ENTRIES SUPPLIED below:

(* Let $v$ be an odd positive integer and $k$ a positive integer. Every $(v,k)$ cyclic difference packing $(\mathbb{Z}_v,\mathcal{D})$ is a $(v,k,1)$ non-half-sum disjoint packing, i.e., $(\mathbb{Z}_v,\{\mathcal{D}\})$ is a $(v,k,1)$ NHSDP.
   Context: A $(v,k)$ cyclic difference packing (CDP) is a pair $(\mathbb{Z}_v,\mathcal{D})$ where $\mathcal{D}=\{d_1,\dots,d_k\}$ is a $k$-subset of $\mathbb{Z}_v$ such that each non-zero element of $\mathbb{Z}_v$ has at most one representation as a difference $d_i-d_j$ with $d_i,d_j\in\mathcal{D}$. For odd $v$, a $(v,g,b)$ non-half-sum disjoint packing (NHSDP) is a pair $(\mathbb{Z}_v,\mathfrak{D})$ where $\mathfrak{D}$ is a family of $b$ subsets ("blocks") of $\mathbb{Z}_v$, each of size $g$, such that (i) any two different blocks are disjoint, and (ii) for each block $\mathcal{D}\in\mathfrak{D}$ and any two different elements $x,y\in\mathcal{D}$, the half-sum $(x+y)\cdot2^{-1}\in\mathbb{Z}_v$ does not belong to any block of $\mathfrak{D}$. *)

theory Defs
  imports Main
begin

(* Z_v is modelled as the carrier {0..<v} of naturals with arithmetic mod v. *)

definition zdiff :: "nat \<Rightarrow> nat \<Rightarrow> nat \<Rightarrow> nat" where
  "zdiff v x y = nat ((int x - int y) mod int v)"

definition is_CDP :: "nat \<Rightarrow> nat \<Rightarrow> nat set \<Rightarrow> bool" where
  "is_CDP v k D \<longleftrightarrow> D \<subseteq> {0..<v} \<and> card D = k \<and>
     (\<forall>g \<in> {1..<v}. card {(a, b). a \<in> D \<and> b \<in> D \<and> zdiff v a b = g} \<le> 1)"

(* inverse of 2 in Z_v for odd v *)
definition inv2 :: "nat \<Rightarrow> nat" where
  "inv2 v = (v + 1) div 2"

definition half_sum :: "nat \<Rightarrow> nat \<Rightarrow> nat \<Rightarrow> nat" where
  "half_sum v x y = ((x + y) * inv2 v) mod v"

definition is_NHSDP :: "nat \<Rightarrow> nat \<Rightarrow> nat \<Rightarrow> nat set set \<Rightarrow> bool" where
  "is_NHSDP v g b F \<longleftrightarrow> odd v \<and> finite F \<and> card F = b \<and>
     (\<forall>D \<in> F. D \<subseteq> {0..<v} \<and> card D = g) \<and>
     (\<forall>D1 \<in> F. \<forall>D2 \<in> F. D1 \<noteq> D2 \<longrightarrow> D1 \<inter> D2 = {}) \<and>
     (\<forall>D \<in> F. \<forall>x \<in> D. \<forall>y \<in> D. x \<noteq> y \<longrightarrow> half_sum v x y \<notin> \<Union>F)"

end

theory Submission
  imports Defs
begin

text \<open>If a block contained two distinct elements x, y together with their half-sum z, then
  2z = x + y gives x - z = z - y in Z_v, so this non-zero difference would be represented
  twice in the block, once by (x, z) and once by (z, y).\<close>

lemma two_mult_half_sum_mod:
  assumes "odd v"
  shows "(2 * half_sum v x y) mod v = (x + y) mod v"
proof -
  have two_inv2: "2 * inv2 v = v + 1"
    using assms unfolding inv2_def by presburger
  have "(2 * half_sum v x y) mod v = (2 * ((x + y) * inv2 v)) mod v"
    unfolding half_sum_def by (simp add: mod_mult_right_eq)
  also have "2 * ((x + y) * inv2 v) = (x + y) + (x + y) * v"
    using two_inv2 by (metis add_mult_distrib2 mult.left_commute mult_1_right add.commute)
  also have "((x + y) + (x + y) * v) mod v = (x + y) mod v"
    by (rule mod_mult_self1)
  finally show ?thesis .
qed

lemma zdiff_eq_zdiff_iff:
  assumes "0 < v"
  shows "zdiff v a b = zdiff v c d \<longleftrightarrow> (int a - int b) mod int v = (int c - int d) mod int v"
  using assms unfolding zdiff_def by (simp add: eq_nat_nat_iff)

lemma zdiff_less: "0 < v \<Longrightarrow> zdiff v a b < v"
  unfolding zdiff_def by (simp add: nat_less_iff)

lemma zdiff_eq_0_iff:
  assumes "a < v" "b < v"
  shows "zdiff v a b = 0 \<longleftrightarrow> a = b"
proof -
  have "zdiff v a b = 0 \<longleftrightarrow> (int a - int b) mod int v = 0"
    using assms unfolding zdiff_def by (simp add: nat_eq_iff2 order_antisym_conv)
  also have "\<dots> \<longleftrightarrow> int a mod int v = int b mod int v"
    by (simp add: mod_eq_dvd_iff mod_eq_0_iff_dvd)
  also have "\<dots> \<longleftrightarrow> a = b"
    using assms by simp
  finally show ?thesis .
qed

lemma zdiff_half_sum_eq:
  assumes "odd v"
  shows "zdiff v x (half_sum v x y) = zdiff v (half_sum v x y) y"
proof -
  define z where "z = half_sum v x y"
  have "(int x + int y) mod int v = (2 * int z) mod int v"
    using two_mult_half_sum_mod[OF assms, of x y] unfolding z_def
    by (metis of_nat_add of_nat_mult of_nat_numeral zmod_int)
  then have "int v dvd (int x + int y) - 2 * int z"
    by (simp add: mod_eq_dvd_iff)
  also have "(int x + int y) - 2 * int z = (int x - int z) - (int z - int y)"
    by simp
  finally have "(int x - int z) mod int v = (int z - int y) mod int v"
    by (simp add: mod_eq_dvd_iff)
  moreover have "0 < v"
    using assms by (simp add: odd_pos)
  ultimately show ?thesis
    unfolding z_def[symmetric] by (simp add: zdiff_eq_zdiff_iff)
qed

lemma is_CDP_zdiff_inj:
  assumes "is_CDP v k D" and "a \<in> D" "b \<in> D" "c \<in> D" "d \<in> D"
    and "a \<noteq> b" and "zdiff v a b = zdiff v c d"
  shows "(a, b) = (c, d)"
proof (rule ccontr)
  assume distinct: "(a, b) \<noteq> (c, d)"
  have D_sub: "D \<subseteq> {0..<v}"
    and packing: "\<forall>g \<in> {1..<v}. card {(a, b). a \<in> D \<and> b \<in> D \<and> zdiff v a b = g} \<le> 1"
    using assms(1) unfolding is_CDP_def by auto
  define g where "g = zdiff v a b"
  let ?R = "{(a, b). a \<in> D \<and> b \<in> D \<and> zdiff v a b = g}"
  have "g \<in> {1..<v}"
    using D_sub assms(2,3,6) zdiff_less[of v a b] zdiff_eq_0_iff[of a v b]
    unfolding g_def by fastforce
  then have "card ?R \<le> 1"
    using packing by blast
  moreover have "finite ?R"
    using D_sub by (auto intro: finite_subset[of _ "D \<times> D"] dest: finite_subset)
  moreover have "{(a, b), (c, d)} \<subseteq> ?R"
    using assms(2-5,7) unfolding g_def by auto
  ultimately have "card {(a, b), (c, d)} \<le> 1"
    by (meson card_mono order_trans)
  with distinct show False
    by simp
qed

lemma is_CDP_half_sum_notin:
  assumes "is_CDP v k D" "odd v" and "x \<in> D" "y \<in> D" "x \<noteq> y"
  shows "half_sum v x y \<notin> D"
proof
  define z where "z = half_sum v x y"
  assume "half_sum v x y \<in> D"
  then have z_in: "z \<in> D"
    unfolding z_def .
  have midpoint: "zdiff v x z = zdiff v z y"
    unfolding z_def by (rule zdiff_half_sum_eq[OF assms(2)])
  have "z < v" "y < v"
    using assms(1,4) z_in unfolding is_CDP_def by auto
  have "x \<noteq> z"
  proof
    assume "x = z"
    then have "zdiff v z y = 0"
      using midpoint \<open>z < v\<close> zdiff_eq_0_iff[of z v z] by simp
    then show False
      using \<open>x = z\<close> \<open>z < v\<close> \<open>y < v\<close> assms(5) zdiff_eq_0_iff[of z v y] by simp
  qed
  then have "(x, z) = (z, y)"
    using is_CDP_zdiff_inj[OF assms(1,3) z_in z_in assms(4)] midpoint by blast
  with assms(5) show False
    by simp
qed

theorem lemma5:
  fixes v k :: nat and D :: "nat set"
  assumes "odd v" and "v > 0" and "k > 0" and "is_CDP v k D"
  shows "is_NHSDP v k 1 {D}"
  using assms(1,4) is_CDP_half_sum_notin[OF assms(4,1)]
  unfolding is_NHSDP_def is_CDP_def by auto

end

End of ENTRIES SUPPLIED.

- **WHAT IS REQUIRED**: Every line in the data that holds the string "auto" should be returned.

- **FINISHED EXERCISE**:
    using assms(1) unfolding is_CDP_def by auto
    using D_sub by (auto intro: finite_subset[of _ "D \<times> D"] dest: finite_subset)
    using assms(2-5,7) unfolding g_def by auto
    using assms(1,4) z_in unfolding is_CDP_def by auto
  unfolding is_NHSDP_def is_CDP_def by auto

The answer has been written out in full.